Across his desk, Jeffries waited. What he wanted was a sensational story that would turn my modesty false, something to retell in the faculty lounge later. I straightened in my chair and said, “I’ll think about your offer to join the lecture circuit. What was the other reason you wanted to see me? About Joshua?”

“Right, of course.” Jeffries reached for a file folder from his desk and riffled through a few loose pages. “Well, you probably aren’t surprised to hear he’s struggling. Math, especially. You might go over his homework with him each night, if you’re confident in your seventh-grade math, which—don’t be afraid to say that you aren’t.” He glanced up. Joshua didn’t want my help and he certainly didn’t want me looking at anything he’d written by hand.

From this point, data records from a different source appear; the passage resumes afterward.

definition labelled_upto :: "nat \<Rightarrow> bool" where
  "labelled_upto k \<longleftrightarrow> (\<forall>j\<le>k. bij_betw label (layer j) (index_subsets j)) \<and>
     (\<forall>z\<in>V. \<forall>w\<in>V. Suc (level z) = level w \<longrightarrow> level w \<le> k \<longrightarrow> (E z w \<longleftrightarrow> label z \<subseteq> label w))"

lemma layer_iff: "x \<in> layer j \<longleftrightarrow> x \<in> V \<and> level x = j"
  unfolding layer_def by simp

lemma e_nbr: "i \<in> {1..D} \<Longrightarrow> E x0 (e i) \<and> e i \<in> V \<and> level (e i) = 1"
  using bij_betwE[OF e_bij] level_adj[of x0 "e i"] level_x0 unfolding nbrs_def by auto

lemma level_eq_1_iff: "x \<in> V \<Longrightarrow> level x = 1 \<longleftrightarrow> E x0 x"
proof
  assume x: "x \<in> V" and "level x = 1"
  then obtain z where "lower x = {z}" using card_lower card_1_singletonE by metis
  then show "E x0 x" using lower_level[of z x] level_eq_0 \<open>level x = 1\<close> by auto
qed (use level_adj[of x0 x] level_x0 in auto)

lemma label_subset: "label x \<subseteq> {1..D}"
  unfolding label_def by auto

lemma finite_label: "finite (label x)"
  using label_subset finite_subset by blast

lemma descent_lower: "x \<in> V \<Longrightarrow> (x, z) \<in> descent \<longleftrightarrow> z \<in> lower x"
  unfolding descent_def lower_def using E_sym by auto

lemma label_x0: "label x0 = {}"
proof -
  have "(x0, y) \<notin> descent" for y using level_x0 unfolding descent_def by auto
  then have "(x0, e i) \<notin> descent\<^sup>*" if "i \<in> {1..D}" for i
    using e_nbr[OF that] level_x0 by (auto elim: converse_rtranclE)
  then show ?thesis unfolding label_def by auto
qed

lemma label_e: assumes i: "i \<in> {1..D}" shows "label (e i) = {i}"
proof -
  have "(e i, e j) \<in> descent\<^sup>* \<longleftrightarrow> i = j" if j: "j \<in> {1..D}" for j
  proof
    assume "(e i, e j) \<in> descent\<^sup>*"
    then have "e i = e j"
    proof (cases rule: converse_rtranclE)
      case (step z)
      then have "z = x0" using e_nbr[OF i] level_eq_0 unfolding descent_def by auto
      then show ?thesis using step label_x0 j unfolding label_def by auto
    qed
    then show "i = j" using bij_betw_imp_inj_on[OF e_bij] i j by (auto dest: inj_onD)
  qed simp
  then show ?thesis using i unfolding label_def by auto
qed

lemma label_eq_Union_lower:
  assumes x: "x \<in> V" "2 \<le> level x" shows "label x = \<Union> (label ` lower x)"
proof -
  have "(x, e i) \<in> descent\<^sup>* \<longleftrightarrow> (\<exists>z\<in>lower x. (z, e i) \<in> descent\<^sup>*)" if i: "i \<in> {1..D}" for i
  proof
    assume "(x, e i) \<in> descent\<^sup>*"
    then show "\<exists>z\<in>lower x. (z, e i) \<in> descent\<^sup>*"
    proof (cases rule: converse_rtranclE)
      case base
      then show ?thesis using e_nbr[OF i] x by simp
    next
      case (step z)
      then have "z \<in> lower x" using descent_lower[OF x(1)] by simp
      with step show ?thesis by blast
    qed
  next
    assume "\<exists>z\<in>lower x. (z, e i) \<in> descent\<^sup>*"
    then obtain z where "(x, z) \<in> descent" "(z, e i) \<in> descent\<^sup>*"
      using descent_lower[OF x(1)] by blast
    then show "(x, e i) \<in> descent\<^sup>*" by (rule converse_rtrancl_into_rtrancl)
  qed
  then show ?thesis unfolding label_def by blast
qed

lemma label_mono_lower:
  assumes "x \<in> V" "z \<in> lower x" shows "label z \<subseteq> label x"
proof -
  have "(x, z) \<in> descent" using descent_lower[OF assms(1)] assms(2) by simp
  then show ?thesis unfolding label_def using converse_rtrancl_into_rtrancl by auto
qed

lemma finite_index_subsets: "finite (index_subsets j)"
  unfolding index_subsets_def by simp

lemma card_index_subsets: "card (index_subsets j) = D choose j"
  unfolding index_subsets_def using n_subsets[of "{1..D}" j] by simp

lemma index_subsets_0: "index_subsets 0 = {{}}"
  unfolding index_subsets_def
  by (auto simp: card_eq_0_iff dest: finite_subset[OF _ finite_atLeastAtMost])

lemma labelled_upto_0: "labelled_upto 0"
proof -
  have "layer 0 = {x0}" using level_eq_0 level_x0 x0_in_V unfolding layer_def by blast
  then show ?thesis unfolding labelled_upto_def by (simp add: label_x0 index_subsets_0)
qed

lemma index_subsets_1: "index_subsets 1 = (\<lambda>i. {i}) ` {1..D}"
  unfolding index_subsets_def by (auto simp: card_1_singleton_iff)

lemma labelled_upto_1: "labelled_upto 1"
proof -
  have layer_1: "layer 1 = e ` {1..D}"
    using bij_betw_imp_surj_on[OF e_bij] level_eq_1_iff unfolding layer_def nbrs_def by auto
  have "bij_betw label (layer 1) (index_subsets 1)"
  proof (rule bij_betw_imageI)
    show "inj_on label (layer 1)"
      unfolding layer_1 inj_on_def using label_e by auto
    have "(\<lambda>i. label (e i)) ` {1..D} = (\<lambda>i. {i}) ` {1..D}"
      by (rule image_cong) (simp_all add: label_e)
    then show "label ` layer 1 = index_subsets 1"
      unfolding layer_1 index_subsets_1 image_image .
  qed
  moreover have "E z w \<longleftrightarrow> label z \<subseteq> label w"
    if "z \<in> V" "w \<in> V" "Suc (level z) = level w" "level w \<le> 1" for z w
  proof -
    have "z = x0" "level w = 1" using that level_eq_0 by auto
    then show ?thesis using level_eq_1_iff[OF that(2)] label_x0 by simp
  qed
  ultimately show ?thesis
    using labelled_upto_0 unfolding labelled_upto_def by (auto simp: le_Suc_eq)
qed

lemma labelled_upto_bij: "labelled_upto k \<Longrightarrow> j \<le> k \<Longrightarrow> bij_betw label (layer j) (index_subsets j)"
  unfolding labelled_upto_def by blast

lemma labelled_upto_adj_iff_subset:
  "labelled_upto k \<Longrightarrow> z \<in> V \<Longrightarrow> w \<in> V \<Longrightarrow> Suc (level z) = level w \<Longrightarrow> level w \<le> k \<Longrightarrow>
    E z w \<longleftrightarrow> label z \<subseteq> label w"
  unfolding labelled_upto_def by blast

context
  fixes k assumes labelled: "labelled_upto k"
begin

You could tell a lot from zeroes and twos. I shook my head. “Well,” he said, “you can try just checking to see that he’s done it. That’s a first step.”

“I can ask,” I said.

“What’s really bothering me about Joshua is less concrete. A couple of his teachers have mentioned he seems distracted or withdrawn. He’s missed a few assignments. In some of his classes, he doesn’t seem to be doing his homework at all, particularly some worksheets from his social studies class. Last week he refused to come to the board when one of his teachers asked him to . . .” He ran his finger over some notes. “Mrs. Tyler, English. She asked him to write a sentence across the board from their reading for some activity she had planned and he absolutely refused. She chose someone else but found it odd. Does this sound like your son?”

It didn’t sound like my son, but it sounded exactly like the stranger who’d moved into his bedroom.

“I’m not an expert in seventh-grade math or seventh-grade boys, Mr. Jeffries,” I said. Over Jeffries’s shoulder, a title in the bookcase caught my eye: Your Child in Conflict. Then another: The Age of Innocence Is Over. The spines of a hundred books and journals begged for my attention. No one was an expert.

I had to get it right, but the cracks were starting to show. For a moment, I let myself imagine Mr. Jeffries’s comforting arm around my shoulder as I confided in him. But: grapevine.

“I’ll talk to him,” I said. “About his attitude. And the math.”

“Well, if it helps, you can tell him that if his grades drop any further, he’ll be cut from football,” he said. “That would be out of my hands, though I’d hate to lose him.”

I stared at him. “Oh, you’re the—”

“The assistant coach, yeah.”

“Sorry I didn’t . . . I’ve been meaning to stop by practice.”

“No worries,” he said, flashing the smile again. “We have our first game coming up soon. Hope to see you there.”

Afterward, I walked the hallway, thinking about what Jeffries had said. The football team might be the bargaining chip I needed. Being on the team represented the most freedom Joshua had been able to negotiate. He’d worked so hard to make his case. But I’d never seen a schedule of the games. I was sure one existed, that it was being kept from me on purpose. But I couldn’t have it both ways. I couldn’t be mad the schedule wasn’t pinned up on the fridge when I didn’t want to go sit on hard bleachers and chitchat with the other parents.